▶ **What you are asked to do**
Print the lines that run from the line with "proof cases" to the line with "obtain W c where", keeping both end lines, exactly as they appear in the entries below, and nothing else.

[Stored items]
---

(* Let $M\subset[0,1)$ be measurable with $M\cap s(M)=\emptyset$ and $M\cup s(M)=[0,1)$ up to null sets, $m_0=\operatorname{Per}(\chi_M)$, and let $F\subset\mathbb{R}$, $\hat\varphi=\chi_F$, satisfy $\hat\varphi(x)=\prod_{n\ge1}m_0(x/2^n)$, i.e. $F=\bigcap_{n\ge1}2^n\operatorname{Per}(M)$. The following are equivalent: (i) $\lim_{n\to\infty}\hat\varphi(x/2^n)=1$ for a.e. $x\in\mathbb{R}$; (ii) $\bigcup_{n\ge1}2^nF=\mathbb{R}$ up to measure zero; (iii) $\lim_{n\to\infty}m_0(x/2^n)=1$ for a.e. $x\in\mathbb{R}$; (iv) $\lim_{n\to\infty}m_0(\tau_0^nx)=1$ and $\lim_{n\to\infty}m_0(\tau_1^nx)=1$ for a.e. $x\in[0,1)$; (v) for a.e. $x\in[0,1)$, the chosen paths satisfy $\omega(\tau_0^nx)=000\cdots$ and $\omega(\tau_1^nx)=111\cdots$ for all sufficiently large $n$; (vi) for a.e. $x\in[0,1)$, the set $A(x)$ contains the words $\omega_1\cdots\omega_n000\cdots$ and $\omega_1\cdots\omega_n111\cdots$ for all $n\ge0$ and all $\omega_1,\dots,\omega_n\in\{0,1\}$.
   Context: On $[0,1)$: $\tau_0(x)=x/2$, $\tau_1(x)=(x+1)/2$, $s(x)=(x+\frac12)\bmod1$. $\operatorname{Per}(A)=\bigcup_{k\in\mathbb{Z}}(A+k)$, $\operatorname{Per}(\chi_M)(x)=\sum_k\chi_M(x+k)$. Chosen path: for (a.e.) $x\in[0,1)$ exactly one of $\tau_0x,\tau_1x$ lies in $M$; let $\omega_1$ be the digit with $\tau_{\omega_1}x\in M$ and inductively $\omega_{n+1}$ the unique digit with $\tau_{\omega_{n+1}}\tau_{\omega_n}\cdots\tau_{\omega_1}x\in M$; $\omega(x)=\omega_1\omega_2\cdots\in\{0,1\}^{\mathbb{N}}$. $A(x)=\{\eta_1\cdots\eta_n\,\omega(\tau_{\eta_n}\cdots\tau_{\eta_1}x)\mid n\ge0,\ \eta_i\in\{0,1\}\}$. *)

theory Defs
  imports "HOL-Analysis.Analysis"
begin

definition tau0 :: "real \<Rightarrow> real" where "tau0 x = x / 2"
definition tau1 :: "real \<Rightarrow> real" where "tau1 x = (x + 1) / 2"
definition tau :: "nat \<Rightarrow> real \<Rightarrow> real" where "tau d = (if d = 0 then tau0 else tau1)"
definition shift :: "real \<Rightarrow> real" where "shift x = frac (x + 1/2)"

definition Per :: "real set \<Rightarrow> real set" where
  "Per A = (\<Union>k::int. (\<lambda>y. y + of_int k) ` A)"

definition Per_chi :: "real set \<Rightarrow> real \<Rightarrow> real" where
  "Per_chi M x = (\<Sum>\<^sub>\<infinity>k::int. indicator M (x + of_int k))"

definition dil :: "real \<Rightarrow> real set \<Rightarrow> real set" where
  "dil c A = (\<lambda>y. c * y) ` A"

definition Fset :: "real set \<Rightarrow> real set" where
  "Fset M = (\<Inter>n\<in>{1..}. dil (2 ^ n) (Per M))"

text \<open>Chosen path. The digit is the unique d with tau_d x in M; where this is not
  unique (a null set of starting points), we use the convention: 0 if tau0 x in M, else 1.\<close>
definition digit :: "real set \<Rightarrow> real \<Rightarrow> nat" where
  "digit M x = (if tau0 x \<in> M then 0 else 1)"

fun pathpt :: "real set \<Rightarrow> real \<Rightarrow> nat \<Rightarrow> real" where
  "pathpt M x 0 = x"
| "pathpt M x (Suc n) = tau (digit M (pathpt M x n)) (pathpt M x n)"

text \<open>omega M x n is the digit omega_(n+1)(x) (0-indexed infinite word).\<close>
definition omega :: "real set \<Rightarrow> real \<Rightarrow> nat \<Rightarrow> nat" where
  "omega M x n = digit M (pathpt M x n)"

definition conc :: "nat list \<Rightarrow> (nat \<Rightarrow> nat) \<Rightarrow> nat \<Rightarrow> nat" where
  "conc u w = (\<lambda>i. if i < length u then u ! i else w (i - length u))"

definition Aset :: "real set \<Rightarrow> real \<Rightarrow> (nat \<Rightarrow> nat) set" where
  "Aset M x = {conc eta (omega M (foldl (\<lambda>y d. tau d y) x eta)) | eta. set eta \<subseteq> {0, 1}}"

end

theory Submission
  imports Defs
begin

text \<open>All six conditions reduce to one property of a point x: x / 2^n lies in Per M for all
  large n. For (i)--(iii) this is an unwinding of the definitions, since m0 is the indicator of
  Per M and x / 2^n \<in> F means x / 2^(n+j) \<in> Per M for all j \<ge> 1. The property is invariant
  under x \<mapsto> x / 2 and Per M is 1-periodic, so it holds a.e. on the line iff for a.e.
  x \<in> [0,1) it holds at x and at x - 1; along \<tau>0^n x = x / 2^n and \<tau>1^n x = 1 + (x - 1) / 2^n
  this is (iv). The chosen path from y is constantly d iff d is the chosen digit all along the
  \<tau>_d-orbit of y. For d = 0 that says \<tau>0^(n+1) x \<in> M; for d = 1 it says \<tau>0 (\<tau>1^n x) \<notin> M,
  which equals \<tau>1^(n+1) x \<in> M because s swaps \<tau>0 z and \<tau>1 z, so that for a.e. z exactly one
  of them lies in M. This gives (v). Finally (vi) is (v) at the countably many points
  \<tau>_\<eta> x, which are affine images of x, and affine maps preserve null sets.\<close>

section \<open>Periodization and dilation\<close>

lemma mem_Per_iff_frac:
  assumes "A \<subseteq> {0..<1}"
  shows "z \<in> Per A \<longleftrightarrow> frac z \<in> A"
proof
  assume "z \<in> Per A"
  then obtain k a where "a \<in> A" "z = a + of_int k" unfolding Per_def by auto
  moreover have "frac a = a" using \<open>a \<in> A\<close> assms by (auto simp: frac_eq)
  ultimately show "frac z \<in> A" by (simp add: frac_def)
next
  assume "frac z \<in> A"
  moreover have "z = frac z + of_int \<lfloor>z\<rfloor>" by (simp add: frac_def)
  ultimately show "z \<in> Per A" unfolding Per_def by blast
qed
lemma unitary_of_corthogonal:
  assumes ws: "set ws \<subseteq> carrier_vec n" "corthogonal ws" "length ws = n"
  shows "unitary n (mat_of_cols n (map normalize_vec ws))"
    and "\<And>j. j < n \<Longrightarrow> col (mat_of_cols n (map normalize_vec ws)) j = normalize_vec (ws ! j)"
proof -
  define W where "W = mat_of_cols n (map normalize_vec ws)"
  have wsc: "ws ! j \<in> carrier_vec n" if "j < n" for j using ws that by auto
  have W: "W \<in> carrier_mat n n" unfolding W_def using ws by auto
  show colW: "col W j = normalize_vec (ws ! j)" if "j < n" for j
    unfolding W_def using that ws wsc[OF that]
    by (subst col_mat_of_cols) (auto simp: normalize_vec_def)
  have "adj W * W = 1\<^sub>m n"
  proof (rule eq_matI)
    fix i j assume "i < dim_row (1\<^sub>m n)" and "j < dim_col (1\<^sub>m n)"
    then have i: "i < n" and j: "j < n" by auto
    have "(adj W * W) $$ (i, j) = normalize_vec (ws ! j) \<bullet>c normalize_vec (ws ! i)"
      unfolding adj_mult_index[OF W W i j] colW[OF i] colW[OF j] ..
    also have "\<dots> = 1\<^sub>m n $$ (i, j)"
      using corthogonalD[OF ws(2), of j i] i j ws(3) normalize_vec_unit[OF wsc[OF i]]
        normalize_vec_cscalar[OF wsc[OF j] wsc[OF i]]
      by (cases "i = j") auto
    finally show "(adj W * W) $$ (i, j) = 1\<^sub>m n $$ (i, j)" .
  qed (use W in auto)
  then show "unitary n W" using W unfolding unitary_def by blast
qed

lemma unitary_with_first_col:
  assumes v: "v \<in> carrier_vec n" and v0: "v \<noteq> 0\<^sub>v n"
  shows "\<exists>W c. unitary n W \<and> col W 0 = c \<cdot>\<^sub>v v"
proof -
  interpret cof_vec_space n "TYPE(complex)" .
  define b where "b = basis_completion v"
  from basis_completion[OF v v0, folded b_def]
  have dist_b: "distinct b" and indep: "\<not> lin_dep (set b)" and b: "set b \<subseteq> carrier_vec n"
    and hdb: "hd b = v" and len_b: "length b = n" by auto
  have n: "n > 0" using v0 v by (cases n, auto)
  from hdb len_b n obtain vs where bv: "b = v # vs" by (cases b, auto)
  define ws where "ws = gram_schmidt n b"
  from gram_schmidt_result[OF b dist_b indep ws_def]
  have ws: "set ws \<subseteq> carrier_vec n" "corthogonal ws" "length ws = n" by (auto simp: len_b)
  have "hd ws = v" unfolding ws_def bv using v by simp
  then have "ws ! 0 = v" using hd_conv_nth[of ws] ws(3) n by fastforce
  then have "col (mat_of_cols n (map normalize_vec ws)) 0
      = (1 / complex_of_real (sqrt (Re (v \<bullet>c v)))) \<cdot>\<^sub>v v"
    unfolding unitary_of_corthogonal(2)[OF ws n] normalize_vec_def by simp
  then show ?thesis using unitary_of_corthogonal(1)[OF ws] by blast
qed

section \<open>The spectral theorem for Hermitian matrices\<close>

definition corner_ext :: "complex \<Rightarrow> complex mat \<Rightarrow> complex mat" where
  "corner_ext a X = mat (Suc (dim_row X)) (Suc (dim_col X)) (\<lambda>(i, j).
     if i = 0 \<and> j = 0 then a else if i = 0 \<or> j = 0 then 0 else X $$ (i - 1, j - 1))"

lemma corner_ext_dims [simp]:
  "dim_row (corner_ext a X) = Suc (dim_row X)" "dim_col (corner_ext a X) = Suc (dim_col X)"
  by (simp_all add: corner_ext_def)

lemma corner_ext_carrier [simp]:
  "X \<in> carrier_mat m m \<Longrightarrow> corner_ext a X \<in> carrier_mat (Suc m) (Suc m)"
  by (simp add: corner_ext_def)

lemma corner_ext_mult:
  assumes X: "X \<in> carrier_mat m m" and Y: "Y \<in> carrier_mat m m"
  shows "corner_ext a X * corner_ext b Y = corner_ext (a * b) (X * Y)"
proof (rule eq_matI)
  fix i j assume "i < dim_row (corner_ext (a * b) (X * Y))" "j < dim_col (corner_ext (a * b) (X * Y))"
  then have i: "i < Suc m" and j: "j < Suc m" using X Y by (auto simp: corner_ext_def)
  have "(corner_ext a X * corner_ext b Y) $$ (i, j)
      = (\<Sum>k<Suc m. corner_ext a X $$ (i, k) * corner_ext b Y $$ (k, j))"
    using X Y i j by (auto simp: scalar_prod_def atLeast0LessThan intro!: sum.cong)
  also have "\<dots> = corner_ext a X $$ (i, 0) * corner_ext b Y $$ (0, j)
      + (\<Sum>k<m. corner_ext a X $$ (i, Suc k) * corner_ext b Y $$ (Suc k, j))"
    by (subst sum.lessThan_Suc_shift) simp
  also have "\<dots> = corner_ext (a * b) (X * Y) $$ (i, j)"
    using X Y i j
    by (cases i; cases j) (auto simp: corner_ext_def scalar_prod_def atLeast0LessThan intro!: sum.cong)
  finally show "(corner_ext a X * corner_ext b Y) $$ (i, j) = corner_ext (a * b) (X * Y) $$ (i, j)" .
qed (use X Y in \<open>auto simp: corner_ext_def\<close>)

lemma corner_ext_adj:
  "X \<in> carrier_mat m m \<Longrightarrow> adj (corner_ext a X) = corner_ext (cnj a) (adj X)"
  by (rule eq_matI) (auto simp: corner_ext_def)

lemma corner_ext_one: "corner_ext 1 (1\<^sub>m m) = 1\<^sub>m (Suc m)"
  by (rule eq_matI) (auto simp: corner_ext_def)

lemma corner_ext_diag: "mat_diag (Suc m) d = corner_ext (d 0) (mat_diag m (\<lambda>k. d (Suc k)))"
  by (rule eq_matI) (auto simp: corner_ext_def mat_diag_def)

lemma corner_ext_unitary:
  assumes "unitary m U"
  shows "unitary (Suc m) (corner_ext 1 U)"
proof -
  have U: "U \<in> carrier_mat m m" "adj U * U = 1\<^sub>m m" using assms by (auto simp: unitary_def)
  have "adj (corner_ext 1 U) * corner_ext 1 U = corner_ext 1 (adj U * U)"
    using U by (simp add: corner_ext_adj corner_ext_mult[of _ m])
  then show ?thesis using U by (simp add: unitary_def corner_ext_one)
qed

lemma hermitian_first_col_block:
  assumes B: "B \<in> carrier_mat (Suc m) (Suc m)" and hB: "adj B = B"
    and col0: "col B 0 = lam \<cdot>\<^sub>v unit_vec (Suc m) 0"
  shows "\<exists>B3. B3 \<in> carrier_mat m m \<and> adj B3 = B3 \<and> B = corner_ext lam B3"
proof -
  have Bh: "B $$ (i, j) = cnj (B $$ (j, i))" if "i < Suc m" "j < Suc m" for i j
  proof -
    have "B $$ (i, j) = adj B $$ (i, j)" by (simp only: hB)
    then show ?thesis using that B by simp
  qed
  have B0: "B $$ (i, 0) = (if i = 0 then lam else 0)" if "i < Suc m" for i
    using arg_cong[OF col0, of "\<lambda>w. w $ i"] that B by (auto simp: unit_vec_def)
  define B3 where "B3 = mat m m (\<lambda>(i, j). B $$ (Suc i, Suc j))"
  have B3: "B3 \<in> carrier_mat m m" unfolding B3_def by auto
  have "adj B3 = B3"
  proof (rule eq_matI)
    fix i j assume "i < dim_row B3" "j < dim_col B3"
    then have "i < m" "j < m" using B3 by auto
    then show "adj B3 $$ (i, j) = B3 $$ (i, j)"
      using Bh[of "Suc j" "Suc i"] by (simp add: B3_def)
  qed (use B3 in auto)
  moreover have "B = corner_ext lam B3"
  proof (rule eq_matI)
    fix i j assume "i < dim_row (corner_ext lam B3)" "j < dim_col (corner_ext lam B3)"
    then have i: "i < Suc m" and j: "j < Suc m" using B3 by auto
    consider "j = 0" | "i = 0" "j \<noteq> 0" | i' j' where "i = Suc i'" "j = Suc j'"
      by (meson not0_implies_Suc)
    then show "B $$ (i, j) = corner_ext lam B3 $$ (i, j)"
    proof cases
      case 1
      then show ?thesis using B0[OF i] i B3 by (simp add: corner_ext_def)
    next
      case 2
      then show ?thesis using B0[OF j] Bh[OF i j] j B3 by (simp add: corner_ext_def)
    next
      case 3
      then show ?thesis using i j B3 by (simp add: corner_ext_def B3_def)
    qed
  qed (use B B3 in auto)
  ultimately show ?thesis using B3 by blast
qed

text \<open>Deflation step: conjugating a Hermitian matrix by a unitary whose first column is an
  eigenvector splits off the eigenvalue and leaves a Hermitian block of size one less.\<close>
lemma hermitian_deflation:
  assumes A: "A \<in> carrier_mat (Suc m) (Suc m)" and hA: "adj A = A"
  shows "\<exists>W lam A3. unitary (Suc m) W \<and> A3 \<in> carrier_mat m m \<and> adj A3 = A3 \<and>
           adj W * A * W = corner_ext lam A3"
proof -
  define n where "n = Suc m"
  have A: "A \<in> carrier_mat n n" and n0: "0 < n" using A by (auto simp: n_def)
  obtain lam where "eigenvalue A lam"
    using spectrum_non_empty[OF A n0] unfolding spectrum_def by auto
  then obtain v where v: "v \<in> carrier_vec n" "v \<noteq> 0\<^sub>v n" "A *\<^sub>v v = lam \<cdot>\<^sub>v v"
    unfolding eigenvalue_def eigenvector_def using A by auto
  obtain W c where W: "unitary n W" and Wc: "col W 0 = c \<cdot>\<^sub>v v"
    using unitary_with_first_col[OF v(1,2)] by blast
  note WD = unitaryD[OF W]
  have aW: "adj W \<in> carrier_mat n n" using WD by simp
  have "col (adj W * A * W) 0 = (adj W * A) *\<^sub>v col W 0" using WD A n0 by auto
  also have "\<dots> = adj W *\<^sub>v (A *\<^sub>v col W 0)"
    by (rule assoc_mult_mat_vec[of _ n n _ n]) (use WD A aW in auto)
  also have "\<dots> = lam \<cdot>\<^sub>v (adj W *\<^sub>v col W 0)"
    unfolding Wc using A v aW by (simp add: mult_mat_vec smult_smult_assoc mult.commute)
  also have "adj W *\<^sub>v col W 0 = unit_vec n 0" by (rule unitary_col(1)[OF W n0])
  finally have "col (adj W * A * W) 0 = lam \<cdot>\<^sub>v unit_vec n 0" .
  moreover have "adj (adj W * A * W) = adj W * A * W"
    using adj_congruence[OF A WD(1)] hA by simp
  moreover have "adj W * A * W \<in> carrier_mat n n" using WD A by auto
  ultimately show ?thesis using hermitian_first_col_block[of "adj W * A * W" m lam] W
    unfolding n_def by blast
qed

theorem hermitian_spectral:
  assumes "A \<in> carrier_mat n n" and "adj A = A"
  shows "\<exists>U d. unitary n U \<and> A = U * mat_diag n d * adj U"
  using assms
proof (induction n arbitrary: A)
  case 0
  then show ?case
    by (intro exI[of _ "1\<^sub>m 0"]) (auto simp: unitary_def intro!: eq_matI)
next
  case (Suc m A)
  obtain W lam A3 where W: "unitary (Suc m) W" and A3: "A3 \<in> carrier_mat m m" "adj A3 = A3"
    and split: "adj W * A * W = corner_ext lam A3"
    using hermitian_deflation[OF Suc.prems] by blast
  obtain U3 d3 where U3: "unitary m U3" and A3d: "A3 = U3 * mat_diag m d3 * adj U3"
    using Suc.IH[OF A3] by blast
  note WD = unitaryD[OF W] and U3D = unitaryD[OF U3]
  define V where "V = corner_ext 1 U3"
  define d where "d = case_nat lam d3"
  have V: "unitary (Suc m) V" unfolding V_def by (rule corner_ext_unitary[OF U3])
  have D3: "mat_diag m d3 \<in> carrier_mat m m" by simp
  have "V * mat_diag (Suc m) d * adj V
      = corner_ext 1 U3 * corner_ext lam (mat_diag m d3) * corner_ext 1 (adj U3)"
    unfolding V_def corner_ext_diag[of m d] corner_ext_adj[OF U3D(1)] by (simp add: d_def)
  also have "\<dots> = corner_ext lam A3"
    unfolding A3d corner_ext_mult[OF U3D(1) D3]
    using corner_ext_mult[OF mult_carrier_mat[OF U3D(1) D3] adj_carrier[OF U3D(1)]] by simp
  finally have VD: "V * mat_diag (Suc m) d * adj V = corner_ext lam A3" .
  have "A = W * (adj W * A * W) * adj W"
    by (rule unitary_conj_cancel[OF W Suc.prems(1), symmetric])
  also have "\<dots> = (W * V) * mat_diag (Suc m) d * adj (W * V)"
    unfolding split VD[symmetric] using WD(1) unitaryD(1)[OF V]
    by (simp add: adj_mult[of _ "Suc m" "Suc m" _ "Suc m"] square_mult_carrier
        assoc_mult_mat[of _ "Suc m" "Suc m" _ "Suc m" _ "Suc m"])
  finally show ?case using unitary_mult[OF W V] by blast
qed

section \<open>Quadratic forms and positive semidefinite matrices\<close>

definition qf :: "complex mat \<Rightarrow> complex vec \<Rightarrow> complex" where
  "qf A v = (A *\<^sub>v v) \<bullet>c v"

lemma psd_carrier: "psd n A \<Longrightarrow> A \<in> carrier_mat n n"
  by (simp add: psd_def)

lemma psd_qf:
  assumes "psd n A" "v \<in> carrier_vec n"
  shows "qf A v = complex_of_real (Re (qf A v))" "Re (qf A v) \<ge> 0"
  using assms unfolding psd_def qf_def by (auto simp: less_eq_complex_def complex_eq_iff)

---

▶ **Response**
    proof cases
      case 1
      then show ?thesis using B0[OF i] i B3 by (simp add: corner_ext_def)
    next
      case 2
      then show ?thesis using B0[OF j] Bh[OF i j] j B3 by (simp add: corner_ext_def)
    next
      case 3
      then show ?thesis using i j B3 by (simp add: corner_ext_def B3_def)
    qed
  qed (use B B3 in auto)
  ultimately show ?thesis using B3 by blast
qed

text \<open>Deflation step: conjugating a Hermitian matrix by a unitary whose first column is an
  eigenvector splits off the eigenvalue and leaves a Hermitian block of size one less.\<close>
lemma hermitian_deflation:
  assumes A: "A \<in> carrier_mat (Suc m) (Suc m)" and hA: "adj A = A"
  shows "\<exists>W lam A3. unitary (Suc m) W \<and> A3 \<in> carrier_mat m m \<and> adj A3 = A3 \<and>
           adj W * A * W = corner_ext lam A3"
proof -
  define n where "n = Suc m"
  have A: "A \<in> carrier_mat n n" and n0: "0 < n" using A by (auto simp: n_def)
  obtain lam where "eigenvalue A lam"
    using spectrum_non_empty[OF A n0] unfolding spectrum_def by auto
  then obtain v where v: "v \<in> carrier_vec n" "v \<noteq> 0\<^sub>v n" "A *\<^sub>v v = lam \<cdot>\<^sub>v v"
    unfolding eigenvalue_def eigenvector_def using A by auto
  obtain W c where W: "unitary n W" and Wc: "col W 0 = c \<cdot>\<^sub>v v"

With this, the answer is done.